== Segment start ==

lemma bernpoly_egf_times_denominator:
  "fps_X * fps_exp x / (fps_exp 1 - 1) * (fps_exp 1 - 1) = fps_X * fps_exp (x :: real)"
proof (rule fps_times_divide_eq)
  show "fps_exp 1 - 1 \<noteq> (0 :: real fps)"
    by (rule fps_exp_minus_one_nonzero) simp
  have "subdegree (fps_exp 1 - 1 :: real fps) \<le> 1"
    by (rule subdegree_leI) simp
  moreover have "subdegree (fps_X * fps_exp x :: real fps) = 1"
    by (simp add: subdegree_mult)
  ultimately show "subdegree (fps_exp 1 - 1 :: real fps) \<le> subdegree (fps_X * fps_exp x :: real fps)"
    by simp
qed

\<comment> \<open>Both sides are m! times the m-th coefficient of a power series S with S (e^(X/N) - 1) = X:
  on the left by telescoping the exponentials, on the right by rescaling X to X/N in the
  generating function of the Bernoulli numbers.\<close>
lemma sum_bernpoly_fractions:
  assumes N: "N > 0"
  shows "(\<Sum>t<N. bernpoly m (real t / real N)) = real N powi (1 - int m) * bernoulli_num m"
proof -
  define E :: "real fps" where "E = fps_exp 1 - 1"
  define B where "B x = fps_X * fps_exp x / E" for x
  define c where "c = 1 / real N"
  define w :: "real fps" where "w = fps_exp c"
  have B_times_E: "B x * E = fps_X * fps_exp x" for x
    unfolding B_def E_def by (rule bernpoly_egf_times_denominator)
  have E_nz: "E \<noteq> 0" and w_nz: "w - 1 \<noteq> 0"
    unfolding E_def w_def c_def using N by (auto intro!: fps_exp_minus_one_nonzero)
  define S where "S = (\<Sum>t<N. B (real t / real N))"
  define T where "T = fps_const (real N) * (B 0 oo (fps_const c * fps_X))"
  have "S * E * (w - 1) = fps_X * (w ^ N - 1)"
  proof -
    have "S * E = fps_X * (\<Sum>t<N. w ^ t)"
      unfolding S_def sum_distrib_right B_times_E sum_distrib_left w_def fps_exp_power_mult
      by (simp add: c_def)
    then show ?thesis
      by (simp add: power_diff_1_eq mult_ac)
  qed
  also have "w ^ N - 1 = E"
    using N by (simp add: w_def E_def c_def fps_exp_power_mult)
  finally have "S * (w - 1) = fps_X"
    using E_nz by (simp add: mult_ac)
  moreover have "T * (w - 1) = fps_X"
  proof -
    have "(B 0 oo (fps_const c * fps_X)) * (w - 1) = (B 0 * E) oo (fps_const c * fps_X)"
      by (simp add: fps_compose_mult_distrib fps_compose_sub_distrib E_def w_def)
    also have "\<dots> = fps_const c * fps_X"
      by (simp add: B_times_E)
    finally show ?thesis
      using N by (simp add: T_def c_def mult.assoc flip: fps_const_mult)
  qed
  ultimately have "S = T"
    using w_nz by (metis mult_right_cancel)
  have "(\<Sum>t<N. bernpoly m (real t / real N)) = fact m * fps_nth S m"
    by (simp add: S_def B_def E_def bernpoly_def fps_sum_nth sum_distrib_left)
  also have "\<dots> = real N * c ^ m * bernoulli_num m"
    by (simp add: \<open>S = T\<close> T_def bernoulli_num_def bernpoly_def B_def E_def)
  also have "\<dots> = real N powi (1 - int m) * bernoulli_num m"
    using N by (simp add: c_def power_int_diff power_one_over field_simps)
  finally show ?thesis .
qed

== Segment end ==

# AIM OF THE EXERCISE:
In the records above, locate each line with the word "also". Copy all such lines.

# RESULT BELOW:
  also have "w ^ N - 1 = E"
    also have "\<dots> = fps_const c * fps_X"
  also have "\<dots> = real N * c ^ m * bernoulli_num m"
  also have "\<dots> = real N powi (1 - int m) * bernoulli_num m"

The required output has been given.